Capítulo 1: La llegada
¿A dónde iban a parar las almas perdidas?
Muchos años antes Juan había escuchado esa pregunta. Nunca supo la respuesta. Pero si había un lugar en la tierra que se pareciese, se dirigía a él.
Echó una mirada por el ojo de buey en su camarote. Nada. El barco atravesaba un anillo de niebla que rodeaba la isla, y que creaba la sensación de que la misma existencia allí fuera se había desvanecido en jirones.
Movimiento. El de las olas bajo el barco. Si se concentraba y se quedaba quieto, podía sentir como este se elevaba y descendía cada vez que cabalgaba una.
El sonido de una bocina. Estaban llegando a tierra. Salió de su camarote y avanzó por los estrechos pasillos en dirección a la cubierta. Lo acompañaba solo la maleta en la que estaba contenida toda su existencia.
Silencio. Una alfombra verde que recorría los pasillos amortiguaba el sonido de las ruedas.
Cuando tocaron tierra, una escalerilla les permitió descender. Eran muchos, tal vez cientos, todos con existencias reducidas a maletas.
En la playa, un comité de bienvenida. Blancos, pulcros. Expresiones amables. Tras ellos, la densa vegetación que cubría la isla.
Sobre ellos, el sonido de las gaviotas que habían conseguido atravesar la niebla.
Solo quedaba un paso para que se convirtieran en isleños de pleno derecho. Uno por uno, arrojaron sus documentos de identidad a un fuego recién encendido. Mientras este luchaba contra el desapacible clima, el plástico se fundía.
Desprovistos de su identidad, siguieron al comité de bienvenida. Un sendero, pavimentado para los isleños, atravesaba la selva virgen en dirección ascendente.
Juan, rezagado, miró una última vez el barco que acababa de zarpar. En cuestión de minutos, fue engullido por la niebla.
Pasos. Los de aquel grupo de recién llegados por el sendero. Jóvenes. Por encima de veinte, no más de treinta.
Rostros. Ninguno memorable a excepción de una chica de pelo azul que no parecía mucho mayor que Juan. Una chica con la ceja partida.
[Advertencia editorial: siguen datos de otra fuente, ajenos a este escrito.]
(* For every integer $n\geqslant 9$, the Pancake graph $P_n$ satisfies $$\chi(P_n)\leqslant 4\left\lfloor\frac n9\right\rfloor+\chi\left(P_{n \bmod 9}\right),$$ where $n \bmod 9\in\{0,1,\ldots,8\}$ and the conventions $\chi(P_0)=0$ and $\chi(P_1)=1$ are used.
   Context: For $n\geqslant 1$, the Pancake graph $P_n$ is the Cayley graph on the symmetric group $\mathrm{Sym}_n$, with permutations written in one-line notation $\pi=[\pi_1\pi_2\ldots\pi_n]$. Its generating set consists of the prefix-reversals $r_i$, $2\leqslant i\leqslant n$. Multiplying $\pi$ on the right by $r_i$ reverses the first $i$ entries: $\pi r_i=[\pi_i\pi_{i-1}\ldots\pi_1\pi_{i+1}\ldots\pi_n]$. Two vertices $\pi,\sigma$ are adjacent iff $\sigma=\pi r_i$ for some $2\leqslant i\leqslant n$. In particular $P_1$ is a single vertex. $\chi$ denotes the chromatic number. The paper uses that $\chi(P_9)=4$. *)

theory Defs
  imports Main
begin

definition pancake_vertices :: "nat \<Rightarrow> nat list set" where
  "pancake_vertices n = {xs. distinct xs \<and> set xs = {1..n}}"

definition prefix_rev :: "nat \<Rightarrow> 'a list \<Rightarrow> 'a list" where
  "prefix_rev i xs = rev (take i xs) @ drop i xs"

definition pancake_adj :: "nat \<Rightarrow> nat list \<Rightarrow> nat list \<Rightarrow> bool" where
  "pancake_adj n p q \<longleftrightarrow> (\<exists>i. 2 \<le> i \<and> i \<le> n \<and> q = prefix_rev i p)"

definition proper_colouring :: "'a set \<Rightarrow> ('a \<Rightarrow> 'a \<Rightarrow> bool) \<Rightarrow> nat \<Rightarrow> ('a \<Rightarrow> nat) \<Rightarrow> bool" where
  "proper_colouring V E k c \<longleftrightarrow>
     (\<forall>v\<in>V. c v < k) \<and> (\<forall>u\<in>V. \<forall>v\<in>V. E u v \<longrightarrow> c u \<noteq> c v)"

definition chromatic_number :: "'a set \<Rightarrow> ('a \<Rightarrow> 'a \<Rightarrow> bool) \<Rightarrow> nat" where
  "chromatic_number V E = (LEAST k. \<exists>c. proper_colouring V E k c)"

definition pancake_chi :: "nat \<Rightarrow> nat" where
  "pancake_chi n = (if n = 0 then 0 else chromatic_number (pancake_vertices n) (pancake_adj n))"

end

theory Submission
  imports Defs
begin

(* Colouring P_(a+b) by a colouring of P_a on the stacks whose top pancake is at most a, and
   by fresh colours from a colouring of P_b on the remaining stacks, gives
   chi(P_(a+b)) <= chi(P_a) + chi(P_b). Hence chi(P_(9q+r)) <= q chi(P_9) + chi(P_r), and it
   remains to 4-colour P_9.

   That colouring is certified by computation. The pancakes 1..9 are split into the triples
   {1,2,3}, {4,5,6}, {7,8,9}; a group of 648 relabellings compatible with this structure acts
   freely on the 9! stacks and at the same time permutes the four colours. The colouring is
   the equivariant extension of a table on the 560 canonical orbit representatives, so
   properness needs to be checked only for the eight neighbours of each representative. *)

section \<open>Subadditivity of the chromatic number\<close>

lemma prefix_rev_map: "map f (prefix_rev i xs) = prefix_rev i (map f xs)"
  by (simp add: prefix_rev_def rev_map take_map drop_map)

lemma set_prefix_rev [simp]: "set (prefix_rev i xs) = set xs"
  unfolding prefix_rev_def by (metis append_take_drop_id set_append set_rev)

lemma distinct_prefix_rev [simp]: "distinct (prefix_rev i xs) = distinct xs"
  unfolding prefix_rev_def by (metis append_take_drop_id distinct_append distinct_rev set_rev)

lemma hd_prefix_rev:
  assumes "1 \<le> i" "i \<le> length xs"
  shows "hd (prefix_rev i xs) = xs ! (i - 1)"
proof -
  have "take i xs \<noteq> []" using assms by auto
  then have "hd (prefix_rev i xs) = last (take i xs)"
    by (simp add: prefix_rev_def hd_rev)
  also have "\<dots> = xs ! (i - 1)"
    using assms \<open>take i xs \<noteq> []\<close> by (simp add: last_conv_nth min_def)
  finally show ?thesis .
qed

lemma filter_prefix_rev:
  "filter P (prefix_rev i xs) = prefix_rev (length (filter P (take i xs))) (filter P xs)"
proof -
  have "filter P xs = filter P (take i xs) @ filter P (drop i xs)"
    by (metis append_take_drop_id filter_append)
  then show ?thesis by (simp add: prefix_rev_def rev_filter)
qed

lemma length_pancake_vertex: "p \<in> pancake_vertices n \<Longrightarrow> length p = n"
  unfolding pancake_vertices_def using distinct_card by fastforce

lemma pancake_adj_filter:
  assumes "u \<in> pancake_vertices n" "pancake_adj n u v" "P (hd u)" "P (hd v)"
  obtains j where "2 \<le> j" "j \<le> length (filter P u)" "filter P v = prefix_rev j (filter P u)"
proof -
  obtain i where i: "2 \<le> i" "i \<le> n" "v = prefix_rev i u"
    using assms(2) unfolding pancake_adj_def by blast
  have len: "length u = n" and dist: "distinct u"
    using assms(1) length_pancake_vertex unfolding pancake_vertices_def by auto
  let ?j = "length (filter P (take i u))"
  have "u \<noteq> []" using i len by auto
  then have "hd u = u ! 0" by (simp add: hd_conv_nth)
  moreover have "hd v = u ! (i - 1)" using i len by (simp add: hd_prefix_rev)
  moreover have in_take: "u ! k \<in> set (take i u)" if "k < i" for k
    using that i len by (metis length_take min.absorb2 nth_mem nth_take)
  ultimately have "{u ! 0, u ! (i - 1)} \<subseteq> set (filter P (take i u))"
    using assms(3,4) i in_take[of 0] in_take[of "i - 1"] by auto
  moreover have "u ! 0 \<noteq> u ! (i - 1)" using dist i len by (simp add: nth_eq_iff_index_eq)
  ultimately have "2 \<le> card (set (filter P (take i u)))"
    by (metis card_2_iff card_mono finite_set)
  then have "2 \<le> ?j" using card_length order_trans by blast
  moreover have "?j \<le> length (filter P u)"
    by (metis append_take_drop_id filter_append le_add1 length_append)
  moreover have "filter P v = prefix_rev ?j (filter P u)" using i(3) by (simp add: filter_prefix_rev)
  ultimately show ?thesis by (rule that)
qed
Le hubiera gustado preguntarle cómo se había hecho eso. Pero su compañera, otra chica morena con el pelo recogido en dos coletas, ya lo hacía. Su animada voz destacaba en medio de los sonidos de las ruedas.
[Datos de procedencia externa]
theorem lemma5p3:
  fixes N px py pz :: int
  assumes "even N" and "N \<ge> 2"
    and "px \<in> {0,1}" and "py \<in> {0,1}" and "pz \<in> {0,1}"
  shows "real (card (TTw_set px py pz (box_cubes N))) \<le> (1 / 2^8) * real_of_int N ^ 12"
proof (cases "N = 2")
  case True
  then have "card (TTw_set px py pz (box_cubes N)) \<le> card {(0::real, 0::real, 0::real)}"
    using TTw_set_box_2 assms(3-5) by (intro card_mono) auto
  with True show ?thesis by simp
next
  case False
  with assms(1,2) have "4 \<le> N" by presburger
  let ?H = "half_integers (N ^ 4 div 16)"
  have "card (TTw_set px py pz (box_cubes N)) \<le> card (?H \<times> ?H \<times> ?H)"
    using TTw_set_box_subset assms by (intro card_mono) (auto simp: half_integers_def)
  also have "\<dots> = card ?H ^ 3" by (simp add: card_cartesian_product power3_eq_cube)
  also have "\<dots> \<le> nat (2 * (N ^ 4 div 16) + 1) ^ 3"
    using card_half_integers_le by (rule power_mono) simp
  finally have "real (card (TTw_set px py pz (box_cubes N)))
      \<le> real (nat (2 * (N ^ 4 div 16) + 1) ^ 3)" by (simp only: of_nat_le_iff)
  also have "\<dots> \<le> 1 / 2^8 * real_of_int N ^ 12"
    using \<open>4 \<le> N\<close> by (rule half_integer_count_cubed_le)
  finally show ?thesis .
qed

end
lemma ereal_tendsto_INF_if_almost_decreasing:
  fixes P :: "nat \<Rightarrow> ereal" and c :: "nat \<Rightarrow> real"
  assumes almost_decr: "\<And>n k. n \<ge> 1 \<Longrightarrow> k \<ge> 1 \<Longrightarrow> P n \<le> P k + ereal (c k / real n)"
  shows "P \<longlonglongrightarrow> (INF n\<in>{1..}. P n)"
proof (rule order_tendstoI)
  fix y assume "y < (INF n\<in>{1..}. P n)"
  then have "y < P n" if "n \<ge> 1" for n
    using INF_lower[of n "{1..}" P] that by (simp add: order_less_le_trans)
  then show "eventually (\<lambda>n. y < P n) sequentially"
    using eventually_ge_at_top[of 1] by (rule eventually_mono[rotated])
next
  fix y assume "(INF n\<in>{1..}. P n) < y"
  then obtain k p where "k \<ge> 1" "P k < ereal p" "ereal p < y"
    by (auto simp: INF_less_iff dest: ereal_dense2)
  have "(\<lambda>n. p + c k / real n) \<longlonglongrightarrow> p"
    using tendsto_add[OF tendsto_const lim_const_over_n, of p "c k"] by simp
  then have "eventually (\<lambda>n. ereal (p + c k / real n) < y) sequentially"
    using order_tendstoD(2)[OF tendsto_ereal \<open>ereal p < y\<close>] by blast
  then show "eventually (\<lambda>n. P n < y) sequentially"
    using eventually_ge_at_top[of 1]
  proof eventually_elim
    case (elim n)
    have "P n \<le> P k + ereal (c k / real n)" using almost_decr[OF elim(2) \<open>k \<ge> 1\<close>] .
    also have "\<dots> \<le> ereal p + ereal (c k / real n)"
      using \<open>P k < ereal p\<close> by (intro add_right_mono) simp
    finally show ?case using elim(1) by simp
  qed
qed

lemma ereal_tendsto_SUP_if_almost_increasing:
  fixes P :: "nat \<Rightarrow> ereal" and c :: "nat \<Rightarrow> real"
  assumes almost_incr: "\<And>n k. n \<ge> 1 \<Longrightarrow> k \<ge> 1 \<Longrightarrow> P k \<le> P n + ereal (c k / real n)"
  shows "P \<longlonglongrightarrow> (SUP n\<in>{1..}. P n)"
proof (rule order_tendstoI)
  fix y assume "(SUP n\<in>{1..}. P n) < y"
  then have "P n < y" if "n \<ge> 1" for n
    using SUP_upper[of n "{1..}" P] that by (simp add: order_le_less_trans)
  then show "eventually (\<lambda>n. P n < y) sequentially"
    using eventually_ge_at_top[of 1] by (rule eventually_mono[rotated])
next
  fix y assume "y < (SUP n\<in>{1..}. P n)"
  then obtain k p where "k \<ge> 1" "y < ereal p" "ereal p < P k"
    by (auto simp: less_SUP_iff dest: ereal_dense2)
  have "(\<lambda>n. p - c k / real n) \<longlonglongrightarrow> p"
    using tendsto_diff[OF tendsto_const lim_const_over_n, of p "c k"] by simp
  then have "eventually (\<lambda>n. y < ereal (p - c k / real n)) sequentially"
    using order_tendstoD(1)[OF tendsto_ereal \<open>y < ereal p\<close>] by blast
  then show "eventually (\<lambda>n. y < P n) sequentially"
    using eventually_ge_at_top[of 1]
  proof eventually_elim
    case (elim n)
    have "ereal p < P n + ereal (c k / real n)"
      using \<open>ereal p < P k\<close> almost_incr[OF elim(2) \<open>k \<ge> 1\<close>] by (rule less_le_trans)
    then have "ereal (p - c k / real n) < P n"
      by (cases "P n") auto
    with elim(1) show ?case by (rule less_trans)
  qed
qed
Era la única que charlaba.
En medio de una explanada situada en lo alto de la isla, destacaba un edificio de color blanco. Allí era donde se dirigían.
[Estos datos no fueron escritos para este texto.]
(* For every finite-dimensional bipartite quantum channel $\mathcal{N}_{A'B'\to AB}$, $$\log|A'|\le S(R_AA|R_BB)_{\Phi^{\mathcal{N}}}-S^{\leftrightarrow}[A|B]_{\mathcal{N}}.$$
   Context: $\Phi^{\mathcal{N}}_{R_AAR_BB}=\mathcal{N}(\Phi_{R_AA'}\otimes\Phi_{R_BB'})$ with $\Phi$ the normalized maximally entangled state, $R_A\simeq A'$, $R_B\simeq B'$. $D$ is the Umegaki relative entropy. For completely positive maps $\mathcal{K},\mathcal{L}$ from $A'B'$ to $AB$, the bidirectional channel divergence is $D^{\leftrightarrow}[\mathcal{K}\Vert\mathcal{L}]:=\sup_{\rho_{R_AA'},\omega_{R_BB'}}D(\mathcal{K}(\rho\otimes\omega)\Vert\mathcal{L}(\rho\otimes\omega))$, supremum over product states with arbitrary reference systems $R_A,R_B$. With $\mathcal{R}_{A'\to A}(Y)=\operatorname{tr}(Y)\mathbbm{1}_A$, the bidirectional von Neumann conditional entropy is $S^{\leftrightarrow}[A|B]_{\mathcal{N}}:=-\inf_{\mathcal{M}\in\mathrm{Q}(B',B)}D^{\leftrightarrow}[\mathcal{N}\Vert\mathcal{R}_{A'\to A}\otimes\mathcal{M}_{B'\to B}]$. For states, $S(X|Y)=S(XY)-S(Y)$. *)

theory Defs
  imports "HOL-Library.Extended_Real" "Jordan_Normal_Form.Matrix"
begin

definition adj :: "complex mat \<Rightarrow> complex mat" where
  "adj A = mat (dim_col A) (dim_row A) (\<lambda>(i,j). cnj (A $$ (j,i)))"

definition unitary_mat :: "nat \<Rightarrow> complex mat \<Rightarrow> bool" where
  "unitary_mat n U \<longleftrightarrow> U \<in> carrier_mat n n \<and> U * adj U = 1\<^sub>m n \<and> adj U * U = 1\<^sub>m n"

definition hermitian_mat :: "nat \<Rightarrow> complex mat \<Rightarrow> bool" where
  "hermitian_mat n A \<longleftrightarrow> A \<in> carrier_mat n n \<and> adj A = A"

definition qform :: "complex mat \<Rightarrow> complex vec \<Rightarrow> complex" where
  "qform A v = (\<Sum>i<dim_vec v. \<Sum>j<dim_vec v. cnj (v $ i) * A $$ (i,j) * v $ j)"

definition psd_mat :: "nat \<Rightarrow> complex mat \<Rightarrow> bool" where
  "psd_mat n A \<longleftrightarrow> hermitian_mat n A \<and>
     (\<forall>v \<in> carrier_vec n. Im (qform A v) = 0 \<and> 0 \<le> Re (qform A v))"

definition mtrace :: "complex mat \<Rightarrow> complex" where
  "mtrace A = (\<Sum>i<dim_row A. A $$ (i,i))"

definition density_mat :: "nat \<Rightarrow> complex mat \<Rightarrow> bool" where
  "density_mat n \<rho> \<longleftrightarrow> psd_mat n \<rho> \<and> mtrace \<rho> = 1"

text \<open>Kronecker (tensor) product; index of \<open>A \<otimes> B\<close> is \<open>i * dim B + i'\<close>.\<close>
definition tensor_mat :: "complex mat \<Rightarrow> complex mat \<Rightarrow> complex mat" where
  "tensor_mat A B = mat (dim_row A * dim_row B) (dim_col A * dim_col B)
     (\<lambda>(i,j). A $$ (i div dim_row B, j div dim_col B) * B $$ (i mod dim_row B, j mod dim_col B))"

definition ptrace2 :: "nat \<Rightarrow> nat \<Rightarrow> complex mat \<Rightarrow> complex mat" where
  "ptrace2 m n X = mat m m (\<lambda>(i,j). \<Sum>k<n. X $$ (i*n + k, j*n + k))"

definition ptrace1 :: "nat \<Rightarrow> nat \<Rightarrow> complex mat \<Rightarrow> complex mat" where
  "ptrace1 m n X = mat n n (\<lambda>(i,j). \<Sum>k<m. X $$ (k*n + i, k*n + j))"

text \<open>Swap unitary \<open>\<complex>^m \<otimes> \<complex>^n \<rightarrow> \<complex>^n \<otimes> \<complex>^m\<close>, \<open>|a,b\<rangle> \<mapsto> |b,a\<rangle>\<close>.\<close>
definition swap_mat :: "nat \<Rightarrow> nat \<Rightarrow> complex mat" where
  "swap_mat m n = mat (n*m) (m*n)
     (\<lambda>(i,j). if i div m = j mod n \<and> i mod m = j div n then 1 else 0)"

definition max_ent :: "nat \<Rightarrow> complex mat" where
  "max_ent d = mat (d*d) (d*d)
     (\<lambda>(i,j). if i div d = i mod d \<and> j div d = j mod d then 1 / of_nat d else 0)"

text \<open>\<open>(id_k \<otimes> N)(X)\<close> for \<open>X\<close> on \<open>\<complex>^k \<otimes> \<complex>^din\<close>; \<open>N\<close> maps \<open>din\<times>din\<close> to \<open>dout\<times>dout\<close> matrices.\<close>
definition id_tensor_map ::
  "nat \<Rightarrow> nat \<Rightarrow> nat \<Rightarrow> (complex mat \<Rightarrow> complex mat) \<Rightarrow> complex mat \<Rightarrow> complex mat" where
  "id_tensor_map k din dout N X = mat (k*dout) (k*dout)
     (\<lambda>(i,j). N (mat din din (\<lambda>(p,q). X $$ ((i div dout)*din + p, (j div dout)*din + q)))
               $$ (i mod dout, j mod dout))"

definition linear_map :: "nat \<Rightarrow> nat \<Rightarrow> (complex mat \<Rightarrow> complex mat) \<Rightarrow> bool" where
  "linear_map din dout N \<longleftrightarrow>
     (\<forall>X \<in> carrier_mat din din. N X \<in> carrier_mat dout dout) \<and>
     (\<forall>X \<in> carrier_mat din din. \<forall>Y \<in> carrier_mat din din. \<forall>c::complex.
         N (c \<cdot>\<^sub>m X + Y) = c \<cdot>\<^sub>m N X + N Y)"

definition completely_positive :: "nat \<Rightarrow> nat \<Rightarrow> (complex mat \<Rightarrow> complex mat) \<Rightarrow> bool" where
  "completely_positive din dout N \<longleftrightarrow> linear_map din dout N \<and>
     (\<forall>k X. psd_mat (k*din) X \<longrightarrow> psd_mat (k*dout) (id_tensor_map k din dout N X))"

definition quantum_channel :: "nat \<Rightarrow> nat \<Rightarrow> (complex mat \<Rightarrow> complex mat) \<Rightarrow> bool" where
  "quantum_channel din dout N \<longleftrightarrow> completely_positive din dout N \<and>
     (\<forall>X \<in> carrier_mat din din. mtrace (N X) = mtrace X)"

definition spec_decomp :: "nat \<Rightarrow> complex mat \<Rightarrow> complex mat \<times> (nat \<Rightarrow> real) \<Rightarrow> bool" where
  "spec_decomp n A UL \<longleftrightarrow> unitary_mat n (fst UL) \<and>
     A = fst UL * mat n n (\<lambda>(i,j). if i = j then complex_of_real (snd UL i) else 0) * adj (fst UL)"

definition mat_fun :: "nat \<Rightarrow> (real \<Rightarrow> real) \<Rightarrow> complex mat \<Rightarrow> complex mat" where
  "mat_fun n f A = (let UL = (SOME UL. spec_decomp n A UL) in
     fst UL * mat n n (\<lambda>(i,j). if i = j then complex_of_real (f (snd UL i)) else 0) * adj (fst UL))"

text \<open>Matrix logarithm on the support (note \<open>ln 0 = 0\<close> in Isabelle/HOL).\<close>
definition mat_log :: "nat \<Rightarrow> complex mat \<Rightarrow> complex mat" where
  "mat_log n A = mat_fun n ln A"

definition vn_entropy :: "nat \<Rightarrow> complex mat \<Rightarrow> real" where
  "vn_entropy n \<rho> = - Re (mtrace (\<rho> * mat_log n \<rho>))"

definition cond_entropy :: "nat \<Rightarrow> nat \<Rightarrow> complex mat \<Rightarrow> real" where
  "cond_entropy dX dY \<rho> = vn_entropy (dX*dY) \<rho> - vn_entropy dY (ptrace1 dX dY \<rho>)"

definition rel_entropy :: "nat \<Rightarrow> complex mat \<Rightarrow> complex mat \<Rightarrow> ereal" where
  "rel_entropy n \<rho> \<sigma> =
     (if (\<forall>v \<in> carrier_vec n. \<sigma> *\<^sub>v v = 0\<^sub>v n \<longrightarrow> \<rho> *\<^sub>v v = 0\<^sub>v n)
      then ereal (Re (mtrace (\<rho> * (mat_log n \<rho> - mat_log n \<sigma>))))
      else \<infinity>)"

text \<open>Given \<open>\<rho>\<close> on \<open>R_A A'\<close> and \<open>\<omega>\<close> on \<open>R_B B'\<close>, reorder \<open>\<rho> \<otimes> \<omega>\<close> to
  \<open>R_A R_B A' B'\<close> and apply \<open>id_{R_A R_B} \<otimes> K\<close>; the output lives on \<open>R_A R_B A B\<close>
  (the ordering of output factors is irrelevant for the relative entropy).\<close>
definition apply_bipartite ::
  "nat \<Rightarrow> nat \<Rightarrow> nat \<Rightarrow> nat \<Rightarrow> nat \<Rightarrow> nat \<Rightarrow> (complex mat \<Rightarrow> complex mat)
    \<Rightarrow> complex mat \<Rightarrow> complex mat \<Rightarrow> complex mat" where
  "apply_bipartite rA rB dA' dB' dA dB K \<rho> \<omega> =
     (let P = tensor_mat (tensor_mat (1\<^sub>m rA) (swap_mat dA' rB)) (1\<^sub>m dB')
      in id_tensor_map (rA*rB) (dA'*dB') (dA*dB) K (P * tensor_mat \<rho> \<omega> * adj P))"

definition bidir_div ::
  "nat \<Rightarrow> nat \<Rightarrow> nat \<Rightarrow> nat \<Rightarrow> (complex mat \<Rightarrow> complex mat) \<Rightarrow> (complex mat \<Rightarrow> complex mat) \<Rightarrow> ereal" where
  "bidir_div dA' dB' dA dB K L =
     (SUP (rA, rB, \<rho>, \<omega>) \<in> {(rA, rB, \<rho>, \<omega>). density_mat (rA*dA') \<rho> \<and> density_mat (rB*dB') \<omega>}.
        rel_entropy (rA*rB*(dA*dB))
          (apply_bipartite rA rB dA' dB' dA dB K \<rho> \<omega>)
          (apply_bipartite rA rB dA' dB' dA dB L \<rho> \<omega>))"

text \<open>\<open>(\<R>_{A'\<rightarrow>A} \<otimes> \<M>_{B'\<rightarrow>B})(X) = 1_A \<otimes> \<M>(tr_{A'} X)\<close>, with \<open>\<R>(Y) = tr(Y) 1_A\<close>.\<close>
definition replacer_tensor ::
  "nat \<Rightarrow> nat \<Rightarrow> nat \<Rightarrow> (complex mat \<Rightarrow> complex mat) \<Rightarrow> complex mat \<Rightarrow> complex mat" where
  "replacer_tensor dA' dB' dA M X = tensor_mat (1\<^sub>m dA) (M (ptrace1 dA' dB' X))"

definition bidir_cond_entropy ::
  "nat \<Rightarrow> nat \<Rightarrow> nat \<Rightarrow> nat \<Rightarrow> (complex mat \<Rightarrow> complex mat) \<Rightarrow> ereal" where
  "bidir_cond_entropy dA' dB' dA dB N =
     - (INF M \<in> {M. quantum_channel dB' dB M}. bidir_div dA' dB' dA dB N (replacer_tensor dA' dB' dA M))"

text \<open>Choi state \<open>\<Phi>^N_{R_A A R_B B} = N(\<Phi>_{R_A A'} \<otimes> \<Phi>_{R_B B'})\<close>: apply \<open>id \<otimes> N\<close> to
  \<open>\<Phi>_{R_A A'} \<otimes> \<Phi>_{R_B B'}\<close> (via \<open>apply_bipartite\<close>, output on \<open>R_A R_B A B\<close>) and
  reorder the output factors to \<open>R_A A R_B B\<close>.\<close>
definition choi_state :: "nat \<Rightarrow> nat \<Rightarrow> nat \<Rightarrow> nat \<Rightarrow> (complex mat \<Rightarrow> complex mat) \<Rightarrow> complex mat" where
  "choi_state dA' dB' dA dB N =
     (let Q = tensor_mat (tensor_mat (1\<^sub>m dA') (swap_mat dB' dA)) (1\<^sub>m dB)
      in Q * apply_bipartite dA' dB' dA' dB' dA dB N (max_ent dA') (max_ent dB') * adj Q)"

end

theory Submission
  imports Defs "Jordan_Normal_Form.Char_Poly"
begin

text \<open>Taking maximally entangled states on \<open>R\<^sub>A A'\<close> and \<open>R\<^sub>B B'\<close> as inputs in the supremum defining
  \<open>D\<^sup>\<leftrightarrow>\<close> shows, after permuting tensor factors, that for every channel \<open>\<M>\<close>
  \<open>D\<^sup>\<leftrightarrow>[\<N> \<parallel> \<R> \<otimes> \<M>] \<ge> D(\<Phi>\<^sup>\<N> \<parallel> 1 / |A'| \<otimes> \<sigma>\<^sub>M)\<close>, where \<open>\<sigma>\<^sub>M\<close> is the Choi state of \<open>\<M>\<close>.
  For states \<open>\<rho>\<close> on \<open>K L\<close> and \<open>\<sigma>\<close> on \<open>L\<close> and \<open>c > 0\<close>,
  \<open>D(\<rho> \<parallel> c 1\<^sub>K \<otimes> \<sigma>) = - S(\<rho>) - ln c - tr \<rho>\<^sub>L log \<sigma> \<ge> - ln c - S(K|L)\<^sub>\<rho>\<close>
  by Klein's inequality \<open>- tr \<rho>\<^sub>L log \<sigma> \<ge> S(\<rho>\<^sub>L)\<close>. With \<open>c = 1 / |A'|\<close> and the infimum over \<open>\<M>\<close> this
  gives the bound.\<close>

declare index_mult_mat(1)[simp del]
Paredes blancas. Aspecto aséptico. Color tan pulcro como el de los miembros del comité. La única obra construida allí por el hombre, exceptuando el sendero.
Junto al edificio principal, se alzaba la bóveda. Una estructura de metal con forma circular. Una esfera perfecta en la que destacaban poros abiertos recubiertos de plástico.
Allí, les habían dicho, habitaban los hacedores de sueños.
Soledad. La que sintió en su nueva habitación. Paredes blancas y un frío casi quirúrgico. Desprovista de personalidad. Poco más grande que su camarote.
Sobre la cama, su nueva ropa. Camisa, pantalón y zapatos al pie de esta. Color tan blanco como el de las paredes.
Se desvistió pensando que la soledad no era nueva para él. Recordó, como un observador distante, su imagen en medio de miles de personas atravesando la Gran Vía de su ciudad, Madrid.
Una gota en medio del océano. Demasiado insignificante. Demasiado sola.
Guardó su antigua ropa en una taquilla donde habían grabado la inicial de su nombre. Dos vueltas de llave, y estaba hecho. Su antiguo yo ya no le pertenecía.
Una sonrisa. La que le dirigió brevemente la chica de pelo azul cuando se cruzaron por el pasillo. Oprimía con la mano el lugar vendado del brazo donde acababan de sacarle sangre.
Dolor. El de la aguja cuando penetró su carne en busca de una muestra. Juan fue dócil y esperó en silencio a que todo acabara.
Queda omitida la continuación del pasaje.